> **TASK PROMPT**:
Every line from the one containing "case gen_id" through the end of the data is to be copied exactly, and nothing outside that range.

> **DATA RECORDS**:

(* Let \(A\) be a geometrically fast set of positive bumps with a fixed marking witnessing this. If \(s\neq t\) are points of \(I\) both having trivial history, then the orbits \(s\langle A\rangle\) and \(t\langle A\rangle\) are disjoint.
   Context: \(I=[0,1]\); homeomorphisms act on the right. A positive bump is an element of \(\operatorname{Homeo}_+(I)\) whose support \(\{t:ta\neq t\}\) is a single open interval \((x,y)\) on which \(ta>t\); \(x\), \(y\) are its left and right transition points. \(A\) is geometrically proper if no point is a left transition point of two distinct elements, nor a right transition point of two distinct elements. A marking assigns each \(a\in A\) a marker \(t\in\operatorname{supt}(a)\); for \(a\) with support \((x,y)\), \(\operatorname{src}(a)=(x,t)\), \(\operatorname{dest}(a)=[ta,y)\), \(\operatorname{dest}(a^{-1})=\operatorname{src}(a)\). \(A\) is geometrically fast if geometrically proper and the marking makes all these intervals pairwise disjoint. A point \(t\in I\) has trivial history if \(t\notin\operatorname{dest}(a)\) for every \(a\in A\cup A^{-1}\). \(s\langle A\rangle=\{sg: g\in\langle A\rangle\}\). *)

theory Defs
  imports Complex_Main
begin

text \<open>Elements of Homeo_+(I), I = [0,1], are represented by functions real => real;
only their values on I matter. Action is on the right: t.a is written a t,
so t.(g h) = h (g t).\<close>

definition unitI :: "real set" where "unitI = {0..1}"

definition homeo_plus :: "(real \<Rightarrow> real) \<Rightarrow> bool" where
  "homeo_plus f \<longleftrightarrow> bij_betw f unitI unitI \<and> continuous_on unitI f \<and> strict_mono_on unitI f"

definition supt :: "(real \<Rightarrow> real) \<Rightarrow> real set" where
  "supt a = {t \<in> unitI. a t \<noteq> t}"

definition positive_bump :: "(real \<Rightarrow> real) \<Rightarrow> bool" where
  "positive_bump a \<longleftrightarrow> homeo_plus a \<and>
     (\<exists>x y. x < y \<and> supt a = {x<..<y} \<and> (\<forall>t\<in>{x<..<y}. a t > t))"

definition left_tp :: "(real \<Rightarrow> real) \<Rightarrow> real" where "left_tp a = Inf (supt a)"
definition right_tp :: "(real \<Rightarrow> real) \<Rightarrow> real" where "right_tp a = Sup (supt a)"

definition geom_proper :: "(real \<Rightarrow> real) set \<Rightarrow> bool" where
  "geom_proper A \<longleftrightarrow> (\<forall>a\<in>A. \<forall>b\<in>A. a \<noteq> b \<longrightarrow> left_tp a \<noteq> left_tp b \<and> right_tp a \<noteq> right_tp b)"

definition marking :: "(real \<Rightarrow> real) set \<Rightarrow> ((real \<Rightarrow> real) \<Rightarrow> real) \<Rightarrow> bool" where
  "marking A m \<longleftrightarrow> (\<forall>a\<in>A. m a \<in> supt a)"

definition src :: "((real \<Rightarrow> real) \<Rightarrow> real) \<Rightarrow> (real \<Rightarrow> real) \<Rightarrow> real set" where
  "src m a = {left_tp a<..<m a}"

definition dest :: "((real \<Rightarrow> real) \<Rightarrow> real) \<Rightarrow> (real \<Rightarrow> real) \<Rightarrow> real set" where
  "dest m a = {a (m a)..<right_tp a}"

text \<open>dest(a^-1) = src(a), so the family of all intervals is {src a, dest a | a in A}.\<close>
definition geom_fast :: "(real \<Rightarrow> real) set \<Rightarrow> ((real \<Rightarrow> real) \<Rightarrow> real) \<Rightarrow> bool" where
  "geom_fast A m \<longleftrightarrow> geom_proper A \<and> marking A m \<and>
     (\<forall>a\<in>A. \<forall>b\<in>A. src m a \<inter> dest m b = {} \<and>
        (a \<noteq> b \<longrightarrow> src m a \<inter> src m b = {} \<and> dest m a \<inter> dest m b = {}))"

text \<open>Trivial history: t not in dest(a) for a in A \<union> A^-1; since dest(a^-1) = src(a),
this says t is in no dest(a) and no src(a) for a in A.\<close>
definition trivial_history :: "(real \<Rightarrow> real) set \<Rightarrow> ((real \<Rightarrow> real) \<Rightarrow> real) \<Rightarrow> real \<Rightarrow> bool" where
  "trivial_history A m t \<longleftrightarrow> (\<forall>a\<in>A. t \<notin> dest m a \<and> t \<notin> src m a)"

inductive_set gen_group :: "(real \<Rightarrow> real) set \<Rightarrow> (real \<Rightarrow> real) set" for A where
  gen_id: "id \<in> gen_group A"
| gen_mul: "g \<in> gen_group A \<Longrightarrow> a \<in> A \<Longrightarrow> a \<circ> g \<in> gen_group A"
| gen_mul_inv: "g \<in> gen_group A \<Longrightarrow> a \<in> A \<Longrightarrow> the_inv_into unitI a \<circ> g \<in> gen_group A"

definition orbit :: "(real \<Rightarrow> real) set \<Rightarrow> real \<Rightarrow> real set" where
  "orbit A s = {g s | g. g \<in> gen_group A}"

end

theory Submission
  imports Defs
begin

text \<open>A generator or its inverse moves a point of I either nowhere, or into its own destination
interval, or only because the point already lies in the destination of the opposite letter.
Call a point reachable from s if it arises from s by letters each of which lands in its own
destination. Reachable points are closed under all generators: in the third case above the
point was itself produced by the opposite letter, and the step just undoes it. Since the
destination intervals are pairwise disjoint, the letter that produced a reachable point other
than its starting point is read off from the point, so a backward induction shows that two
points of trivial history reach no common point.\<close>

lemma positive_bump_supt:
  assumes "positive_bump a"
  shows "left_tp a < right_tp a" and "supt a = {left_tp a<..<right_tp a}"
proof -
  obtain x y where xy: "x < y" "supt a = {x<..<y}"
    using assms unfolding positive_bump_def by auto
  then have "left_tp a = x" "right_tp a = y"
    by (auto simp: left_tp_def right_tp_def)
  with xy show "left_tp a < right_tp a" "supt a = {left_tp a<..<right_tp a}"
    by auto
qed

lemma positive_bump_right_tp_unitI:
  assumes "positive_bump a"
  shows "right_tp a \<in> unitI"
proof -
  have "{left_tp a<..<right_tp a} \<subseteq> {0..1}"
    using positive_bump_supt(2)[OF assms] unfolding supt_def unitI_def by blast
  with positive_bump_supt(1)[OF assms] show ?thesis
    unfolding unitI_def greaterThanLessThan_subseteq_atLeastAtMost_iff by simp
qed

lemma positive_bump_bij_betw: "positive_bump a \<Longrightarrow> bij_betw a unitI unitI"
  and positive_bump_strict_mono_on: "positive_bump a \<Longrightarrow> strict_mono_on unitI a"
  unfolding positive_bump_def homeo_plus_def by auto

lemma positive_bump_inv_apply:
  assumes "positive_bump a" "x \<in> unitI"
  shows "the_inv_into unitI a x \<in> unitI" and "a (the_inv_into unitI a x) = x"
  using positive_bump_bij_betw[OF assms(1)] assms(2)
  by (auto simp: bij_betw_def the_inv_into_into f_the_inv_into_f)

lemma positive_bump_trichotomy:
  assumes a: "positive_bump a" and marker: "m a \<in> supt a" and x: "x \<in> unitI"
  shows "a x = x \<or> a x \<in> dest m a \<or> x \<in> src m a"
proof (cases "x \<in> supt a")
  case False
  with x show ?thesis unfolding supt_def by auto
next
  case True
  note supt = positive_bump_supt(2)[OF a] and mono = positive_bump_strict_mono_on[OF a]
  have y: "right_tp a \<in> unitI" "right_tp a \<notin> supt a"
    using positive_bump_right_tp_unitI[OF a] supt by auto
  show ?thesis
  proof (cases "m a \<le> x")
    case True
    have "m a \<in> unitI" using marker unfolding supt_def by simp
    with True x mono have "a (m a) \<le> a x"
      by (metis order_le_less strict_mono_onD)
    moreover have "a x < a (right_tp a)"
      using \<open>x \<in> supt a\<close> supt x y(1) mono by (auto intro: strict_mono_onD)
    moreover have "a (right_tp a) = right_tp a"
      using y unfolding supt_def by auto
    ultimately show ?thesis by (simp add: dest_def)
  next
    case False
    with \<open>x \<in> supt a\<close> supt show ?thesis by (simp add: src_def)
  qed
qed

lemma positive_bump_inv_trichotomy:
  assumes a: "positive_bump a" and marker: "m a \<in> supt a" and x: "x \<in> unitI"
  shows "the_inv_into unitI a x = x \<or> the_inv_into unitI a x \<in> src m a \<or> x \<in> dest m a"
  using positive_bump_trichotomy[where m = m, OF a marker positive_bump_inv_apply(1)[OF a x]]
  by (auto simp: positive_bump_inv_apply(2)[OF a x])

text \<open>The letter \<open>a\<^sup>b\<close> stands for \<open>a\<close> if \<open>b\<close> and for \<open>a\<^sup>-\<^sup>1\<close> otherwise;
its destination uses \<open>dest(a\<^sup>-\<^sup>1) = src(a)\<close>.\<close>

definition signed_act :: "(real \<Rightarrow> real) \<Rightarrow> bool \<Rightarrow> real \<Rightarrow> real" where
  "signed_act a b = (if b then a else the_inv_into unitI a)"

definition signed_dest ::
    "((real \<Rightarrow> real) \<Rightarrow> real) \<Rightarrow> (real \<Rightarrow> real) \<Rightarrow> bool \<Rightarrow> real set" where
  "signed_dest m a b = (if b then dest m a else src m a)"

lemma trivial_history_iff_signed_dest:
  "trivial_history A m s \<longleftrightarrow> (\<forall>a\<in>A. \<forall>b. s \<notin> signed_dest m a b)"
  unfolding trivial_history_def signed_dest_def by auto

lemma signed_act_unitI:
  "positive_bump a \<Longrightarrow> x \<in> unitI \<Longrightarrow> signed_act a b x \<in> unitI"
  using positive_bump_bij_betw positive_bump_inv_apply(1)
  by (auto simp: signed_act_def bij_betw_def)

lemma signed_act_cancel:
  assumes "positive_bump a" "x \<in> unitI"
  shows "signed_act a (\<not> b) (signed_act a b x) = x"
  using positive_bump_bij_betw[OF assms(1)] assms(2)
  by (auto simp: signed_act_def bij_betw_def the_inv_into_f_f f_the_inv_into_f)

lemma signed_act_trichotomy:
  assumes "positive_bump a" "m a \<in> supt a" "x \<in> unitI"
  shows "signed_act a b x = x \<or> signed_act a b x \<in> signed_dest m a b
    \<or> x \<in> signed_dest m a (\<not> b)"
  using positive_bump_trichotomy[where m = m, OF assms]
    positive_bump_inv_trichotomy[where m = m, OF assms]
  by (cases b) (auto simp: signed_act_def signed_dest_def)

lemma geom_fast_signed_dest_unique:
  assumes "geom_fast A m" "a \<in> A" "a' \<in> A"
    and "x \<in> signed_dest m a b" "x \<in> signed_dest m a' b'"
  shows "a = a' \<and> b = b'"
  using assms unfolding geom_fast_def signed_dest_def
  by (cases b; cases b'; auto; blast)

inductive_set fast_reach ::
    "(real \<Rightarrow> real) set \<Rightarrow> ((real \<Rightarrow> real) \<Rightarrow> real) \<Rightarrow> real \<Rightarrow> real set"
  for A m s where
  fast_reach_start: "s \<in> fast_reach A m s"
| fast_reach_step: "x \<in> fast_reach A m s \<Longrightarrow> a \<in> A \<Longrightarrow>
    signed_act a b x \<in> signed_dest m a b \<Longrightarrow> signed_act a b x \<in> fast_reach A m s"

locale fast_bumps =
  fixes A :: "(real \<Rightarrow> real) set" and m :: "(real \<Rightarrow> real) \<Rightarrow> real"
  assumes bumps: "\<And>a. a \<in> A \<Longrightarrow> positive_bump a" and fast: "geom_fast A m"
begin

lemma fast_reach_unitI: "x \<in> fast_reach A m s \<Longrightarrow> s \<in> unitI \<Longrightarrow> x \<in> unitI"
  by (induction rule: fast_reach.induct) (auto intro: signed_act_unitI bumps)

lemma fast_reach_last_letter:
  assumes "x \<in> fast_reach A m s" "x \<in> signed_dest m a b" "a \<in> A" "trivial_history A m s"
  obtains z where "z \<in> fast_reach A m s" "x = signed_act a b z"
proof -
  have "x \<noteq> s" using assms(2-4) by (auto simp: trivial_history_iff_signed_dest)
  with assms(1) obtain z a' b' where "z \<in> fast_reach A m s" "a' \<in> A" "x = signed_act a' b' z"
      "x \<in> signed_dest m a' b'"
    by (cases rule: fast_reach.cases) auto
  with geom_fast_signed_dest_unique[OF fast assms(3) _ assms(2)] that show thesis by blast
qed

lemma fast_reach_closed:
  assumes s: "s \<in> unitI" "trivial_history A m s"
    and x: "x \<in> fast_reach A m s" and a: "a \<in> A"
  shows "signed_act a b x \<in> fast_reach A m s"
proof -
  have x_unit: "x \<in> unitI" using fast_reach_unitI[OF x s(1)] .
  have "m a \<in> supt a" using fast a unfolding geom_fast_def marking_def by auto
  then consider "signed_act a b x = x" | "signed_act a b x \<in> signed_dest m a b"
    | "x \<in> signed_dest m a (\<not> b)"
    using signed_act_trichotomy[OF bumps[OF a] _ x_unit] by blast
  then show ?thesis
  proof cases
    case 3
    then obtain z where z: "z \<in> fast_reach A m s" "x = signed_act a (\<not> b) z"
      using fast_reach_last_letter[OF x _ a s(2)] by blast
    have "signed_act a b x = z"
      using signed_act_cancel[OF bumps[OF a] fast_reach_unitI[OF z(1) s(1)], of "\<not> b"] z(2)
      by simp
    with z(1) show ?thesis by simp
  qed (use x a in \<open>auto intro: fast_reach_step\<close>)
qed

lemma orbit_subset_fast_reach:
  assumes "s \<in> unitI" "trivial_history A m s"
  shows "orbit A s \<subseteq> fast_reach A m s"
proof -
  have "g s \<in> fast_reach A m s" if "g \<in> gen_group A" for g
    using that
  proof (induction rule: gen_group.induct)
    case gen_id
    show ?case by (simp add: fast_reach_start)
  next
    case (gen_mul g a)
    show ?case
      using fast_reach_closed[OF assms gen_mul.IH gen_mul.hyps(2), of True]
      by (simp add: signed_act_def)
  next
    case (gen_mul_inv g a)
    show ?case
      using fast_reach_closed[OF assms gen_mul_inv.IH gen_mul_inv.hyps(2), of False]
      by (simp add: signed_act_def)
  qed
  then show ?thesis unfolding orbit_def by blast
qed

lemma fast_reach_common_point:
  assumes s: "s \<in> unitI" "trivial_history A m s" and t: "t \<in> unitI" "trivial_history A m t"
    and "x \<in> fast_reach A m s" "x \<in> fast_reach A m t"
  shows "s = t"
  using assms(5,6)
proof (induction rule: fast_reach.induct)
  case fast_reach_start
  then show ?case
    using s(2) by (cases rule: fast_reach.cases) (auto simp: trivial_history_iff_signed_dest)
next
  case (fast_reach_step z a b)
  obtain z' where z': "z' \<in> fast_reach A m t" "signed_act a b z = signed_act a b z'"
    using fast_reach_last_letter[OF fast_reach_step(5,3,2) t(2)] by metis
  have "z = z'"
    using signed_act_cancel[OF bumps[OF fast_reach_step(2)], of _ b] z'(2)
      fast_reach_unitI[OF fast_reach_step(1) s(1)] fast_reach_unitI[OF z'(1) t(1)]
    by metis
  with fast_reach_step.IH z'(1) show ?case by simp
qed

end

theorem lemma5p6:
  assumes "\<forall>a\<in>A. positive_bump a"
    and "geom_fast A m"
    and "s \<in> unitI" and "t \<in> unitI" and "s \<noteq> t"
    and "trivial_history A m s" and "trivial_history A m t"
  shows "orbit A s \<inter> orbit A t = {}"
proof -
  interpret fast_bumps A m using assms(1,2) by unfold_locales auto
  have "orbit A s \<inter> orbit A t \<subseteq> fast_reach A m s \<inter> fast_reach A m t"
    using orbit_subset_fast_reach assms(3,4,6,7) by blast
  also have "\<dots> = {}"
    using fast_reach_common_point[OF assms(3,6,4,7)] assms(5) by blast
  finally show ?thesis by blast
qed

end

> **EXERCISE RESULT**:
    case gen_id
    show ?case by (simp add: fast_reach_start)
  next
    case (gen_mul g a)
    show ?case
      using fast_reach_closed[OF assms gen_mul.IH gen_mul.hyps(2), of True]
      by (simp add: signed_act_def)
  next
    case (gen_mul_inv g a)
    show ?case
      using fast_reach_closed[OF assms gen_mul_inv.IH gen_mul_inv.hyps(2), of False]
      by (simp add: signed_act_def)
  qed
  then show ?thesis unfolding orbit_def by blast
qed

lemma fast_reach_common_point:
  assumes s: "s \<in> unitI" "trivial_history A m s" and t: "t \<in> unitI" "trivial_history A m t"
    and "x \<in> fast_reach A m s" "x \<in> fast_reach A m t"
  shows "s = t"
  using assms(5,6)
proof (induction rule: fast_reach.induct)
  case fast_reach_start
  then show ?case
    using s(2) by (cases rule: fast_reach.cases) (auto simp: trivial_history_iff_signed_dest)
next
  case (fast_reach_step z a b)
  obtain z' where z': "z' \<in> fast_reach A m t" "signed_act a b z = signed_act a b z'"
    using fast_reach_last_letter[OF fast_reach_step(5,3,2) t(2)] by metis
  have "z = z'"
    using signed_act_cancel[OF bumps[OF fast_reach_step(2)], of _ b] z'(2)
      fast_reach_unitI[OF fast_reach_step(1) s(1)] fast_reach_unitI[OF z'(1) t(1)]
    by metis
  with fast_reach_step.IH z'(1) show ?case by simp
qed

end

theorem lemma5p6:
  assumes "\<forall>a\<in>A. positive_bump a"
    and "geom_fast A m"
    and "s \<in> unitI" and "t \<in> unitI" and "s \<noteq> t"
    and "trivial_history A m s" and "trivial_history A m t"
  shows "orbit A s \<inter> orbit A t = {}"
proof -
  interpret fast_bumps A m using assms(1,2) by unfold_locales auto
  have "orbit A s \<inter> orbit A t \<subseteq> fast_reach A m s \<inter> fast_reach A m t"
    using orbit_subset_fast_reach assms(3,4,6,7) by blast
  also have "\<dots> = {}"
    using fast_reach_common_point[OF assms(3,6,4,7)] assms(5) by blast
  finally show ?thesis by blast
qed

end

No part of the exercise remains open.